__WORK TO BE COMPLETED__
Repeat the records below word for word, but start at the line that contains "j) \<or> Dia", stop after the last line, and include nothing else.

═══

lemma crosses_s_iff:
  "crosses c d (Ver i j) \<longleftrightarrow> 0 < i \<and> i < d \<and> 0 < side_s i j \<and> side_s i (j + 1) < 0"
  "crosses c d (Hor i j) \<longleftrightarrow> 0 \<le> i \<and> i < d \<and> side_s i j < 0 \<and> 0 < side_s (i + 1) j"
  "crosses c d (Dia i j) \<longleftrightarrow> 0 \<le> i \<and> i < d \<and> side_s i (j + 1) < 0 \<and> 0 < side_s (i + 1) j"
  using crosses_Ver_iff crosses_Hor_iff crosses_Dia_iff c_pos d_nonneg by auto

lemma crosses_t_iff:
  "crosses (a + c) (b + d) (Ver i j) \<longleftrightarrow> 0 < i \<and> i < b + d \<and> 0 < side_t i j \<and> side_t i (j + 1) < 0"
  "crosses (a + c) (b + d) (Hor i j) \<longleftrightarrow> 0 \<le> i \<and> i < b + d \<and> side_t i j < 0 \<and> 0 < side_t (i + 1) j"
  "crosses (a + c) (b + d) (Dia i j) \<longleftrightarrow> 0 \<le> i \<and> i < b + d \<and> side_t i (j + 1) < 0 \<and> 0 < side_t (i + 1) j"
  using crosses_Ver_iff crosses_Hor_iff crosses_Dia_iff a_nonneg b_pos c_pos d_nonneg by auto

lemma crosses_r_bounds:
  "crosses a b (Ver i j) \<Longrightarrow> 0 < i \<and> i < b \<and> 0 \<le> j \<and> j < a"
  "crosses a b (Hor i j) \<Longrightarrow> 0 \<le> i \<and> i < b \<and> 0 < j \<and> j < a"
  "crosses a b (Dia i j) \<Longrightarrow> 0 \<le> i \<and> i < b \<and> 0 \<le> j \<and> j < a"
  using crosses_Ver_bounds crosses_Hor_bounds crosses_Dia_bounds a_nonneg b_pos by (meson less_imp_le)+

lemma crosses_s_bounds:
  "crosses c d (Ver i j) \<Longrightarrow> 0 < i \<and> i < d \<and> 0 \<le> j \<and> j < c"
  "crosses c d (Hor i j) \<Longrightarrow> 0 \<le> i \<and> i < d \<and> 0 < j \<and> j < c"
  "crosses c d (Dia i j) \<Longrightarrow> 0 \<le> i \<and> i < d \<and> 0 \<le> j \<and> j < c"
  using crosses_Ver_bounds crosses_Hor_bounds crosses_Dia_bounds c_pos d_nonneg by (meson less_imp_le)+

text \<open>The edges at the corner \<open>(b, a)\<close> of the path, which \<open>L\<^sub>t\<close> passes just above.\<close>
definition middle_edges :: "edge list" where
  "middle_edges =
    (if 0 < a then [Hor (b - 1) a] else []) @ [Dia (b - 1) a] @ (if 0 < d then [Ver b a] else [])"

lemma b_c_eq_1_if_a_eq_0: "a = 0 \<Longrightarrow> b = 1 \<and> c = 1"
  using det b_pos c_pos by (simp add: pos_zmult_eq_1_iff)

lemma b_c_eq_1_if_d_eq_0: "d = 0 \<Longrightarrow> b = 1 \<and> c = 1"
  using det b_pos c_pos by (simp add: pos_zmult_eq_1_iff)

lemma side_mediant_row_neg:
  assumes "u < b" "0 < a"
  shows "side_t u a < 0"
proof -
  have "(u - b) * (a + c) \<le> - 1 * (a + c)" using assms c_pos by (intro mult_right_mono) auto
  then show ?thesis using side_mediant_row[of u] assms c_pos by simp
qed

lemma side_mediant_column_neg:
  assumes "a < v" "0 < d"
  shows "side_t b v < 0"
proof -
  have "(a - v) * (b + d) \<le> - 1 * (b + d)" using assms b_pos by (intro mult_right_mono) auto
  then show ?thesis using side_mediant_column[of v] assms b_pos by simp
qed

lemma crosses_r_imp_t:
  assumes e: "crosses a b e"
  shows "crosses (a + c) (b + d) e"
proof (cases e)
  case (Ver i j)
  then show ?thesis using e r_pos_iff[of i j] r_neg_iff[of i "j + 1"] d_nonneg
    by (simp add: crosses_r_iff crosses_t_iff)
next
  case (Hor i j)
  then have "(i + 1, j) \<noteq> (b, a)"
    using e side_direction[of a b] by (auto simp: crosses_r_iff)
  then show ?thesis using e Hor r_pos_iff[of "i + 1" j] r_neg_iff[of i j] d_nonneg
    by (simp add: crosses_r_iff crosses_t_iff)
next
  case (Dia i j)
  then have "(i + 1, j) \<noteq> (b, a)"
    using e side_direction[of a b] by (auto simp: crosses_r_iff)
  then show ?thesis using e Dia r_pos_iff[of "i + 1" j] r_neg_iff[of i "j + 1"] d_nonneg
    by (simp add: crosses_r_iff crosses_t_iff)
qed

lemma crosses_middle: "e \<in> set middle_edges \<Longrightarrow> crosses (a + c) (b + d) e"
  using side_mediant_column[of a] side_mediant_column[of "a + 1"] a_nonneg b_pos c_pos d_nonneg
  by (auto simp: middle_edges_def crosses_t_iff side_def algebra_simps)

lemma crosses_s_imp_t: "crosses c d e \<Longrightarrow> crosses (a + c) (b + d) (shift_edge b a e)"
  using s_pos_iff s_neg_iff b_pos
  by (cases e) (auto simp: crosses_s_iff crosses_t_iff algebra_simps)

lemma column_sign_change:
  assumes "0 < side_t b j" "side_t b (j + 1) < 0"
  shows "j = a \<and> 0 < d"
proof -
  have pos: "0 < b + d" using b_pos d_nonneg by simp
  have "0 \<le> (a - j) * (b + d)" using assms(1) side_mediant_column[of j] by simp
  then have "j \<le> a" using pos by (simp add: zero_le_mult_iff)
  moreover have "(a - j - 1) * (b + d) < 0"
    using assms(2) side_mediant_column[of "j + 1"] by (simp add: algebra_simps)
  then have "a \<le> j" using pos by (simp add: mult_less_0_iff)
  ultimately have "j = a" by simp
  then have "1 < b + d" using assms(2) side_mediant_column[of "j + 1"] by simp
  then show ?thesis using \<open>j = a\<close> b_c_eq_1_if_d_eq_0 d_nonneg by fastforce
qed

lemma crosses_t_Ver_cases:
  assumes "crosses (a + c) (b + d) (Ver i j)"
  shows "crosses a b (Ver i j) \<or> Ver i j \<in> set middle_edges \<or> crosses c d (Ver (i - b) (j - a))"
proof -
  have t: "0 < i" "i < b + d" "0 < side_t i j" "side_t i (j + 1) < 0"
    using assms by (simp_all add: crosses_t_iff)
  consider "i < b" | "i = b" | "b < i" by linarith
  then show ?thesis
  proof cases
    case 1
    then show ?thesis using t r_pos_iff[of i j] r_neg_iff[of i "j + 1"] d_nonneg
      by (simp add: crosses_r_iff)
  next
    case 2
    then show ?thesis using t column_sign_change[of j] by (simp add: middle_edges_def)
  next
    case 3
    then have "crosses c d (Ver (i - b) (j - a))"
      using t s_pos_iff[of "i - b" "j - a"] s_neg_iff[of "i - b" "j - a + 1"]
      by (simp add: crosses_s_iff algebra_simps)
    then show ?thesis by simp
  qed
qed

lemma crosses_t_Hor_cases:
  assumes "crosses (a + c) (b + d) (Hor i j)"
  shows "crosses a b (Hor i j) \<or> Hor i j \<in> set middle_edges \<or> crosses c d (Hor (i - b) (j - a))"
proof -
  have t: "0 \<le> i" "i < b + d" "side_t i j < 0" "0 < side_t (i + 1) j"
    using assms by (simp_all add: crosses_t_iff)
  consider "i + 1 = b" "j = a" | "i + 1 \<le> b" "(i + 1, j) \<noteq> (b, a)" | "b \<le> i" by fastforce
  then show ?thesis
  proof cases
    case 1
    have "0 < a"
      using t 1 b_c_eq_1_if_a_eq_0 a_nonneg by (cases "a = 0") (auto simp: side_def)
    then show ?thesis using 1 by (auto simp: middle_edges_def)
  next
    case 2
    then show ?thesis using t r_pos_iff[of "i + 1" j] r_neg_iff[of i j] d_nonneg
      by (simp add: crosses_r_iff)
  next
    case 3
    then have "crosses c d (Hor (i - b) (j - a))"
      using t b_pos s_neg_iff[of "i - b" "j - a"] s_pos_iff[of "i - b + 1" "j - a"]
      by (simp add: crosses_s_iff algebra_simps)
    then show ?thesis by simp
  qed
qed

lemma crosses_t_Dia_cases:
  assumes "crosses (a + c) (b + d) (Dia i j)"
  shows "crosses a b (Dia i j) \<or> Dia i j \<in> set middle_edges \<or> crosses c d (Dia (i - b) (j - a))"
proof -
  have t: "0 \<le> i" "i < b + d" "side_t i (j + 1) < 0" "0 < side_t (i + 1) j"
    using assms by (simp_all add: crosses_t_iff)
  consider "i + 1 = b" "j = a" | "i + 1 \<le> b" "(i + 1, j) \<noteq> (b, a)" | "b \<le> i" by fastforce
  then show ?thesis
  proof cases
    case 1
    then show ?thesis by (auto simp: middle_edges_def)
  next
    case 2
    then show ?thesis using t r_pos_iff[of "i + 1" j] r_neg_iff[of i "j + 1"] d_nonneg
      by (simp add: crosses_r_iff)
  next
    case 3
    then have "crosses c d (Dia (i - b) (j - a))"
      using t b_pos s_neg_iff[of "i - b" "j - a + 1"] s_pos_iff[of "i - b + 1" "j - a"]
      by (simp add: crosses_s_iff algebra_simps)
    then show ?thesis by simp
  qed
qed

═══

__YOUR SOLUTION__
  shows "crosses a b (Dia i j) \<or> Dia i j \<in> set middle_edges \<or> crosses c d (Dia (i - b) (j - a))"
proof -
  have t: "0 \<le> i" "i < b + d" "side_t i (j + 1) < 0" "0 < side_t (i + 1) j"
    using assms by (simp_all add: crosses_t_iff)
  consider "i + 1 = b" "j = a" | "i + 1 \<le> b" "(i + 1, j) \<noteq> (b, a)" | "b \<le> i" by fastforce
  then show ?thesis
  proof cases
    case 1
    then show ?thesis by (auto simp: middle_edges_def)
  next
    case 2
    then show ?thesis using t r_pos_iff[of "i + 1" j] r_neg_iff[of i "j + 1"] d_nonneg
      by (simp add: crosses_r_iff)
  next
    case 3
    then have "crosses c d (Dia (i - b) (j - a))"
      using t b_pos s_neg_iff[of "i - b" "j - a + 1"] s_pos_iff[of "i - b + 1" "j - a"]
      by (simp add: crosses_s_iff algebra_simps)
    then show ?thesis by simp
  qed
qed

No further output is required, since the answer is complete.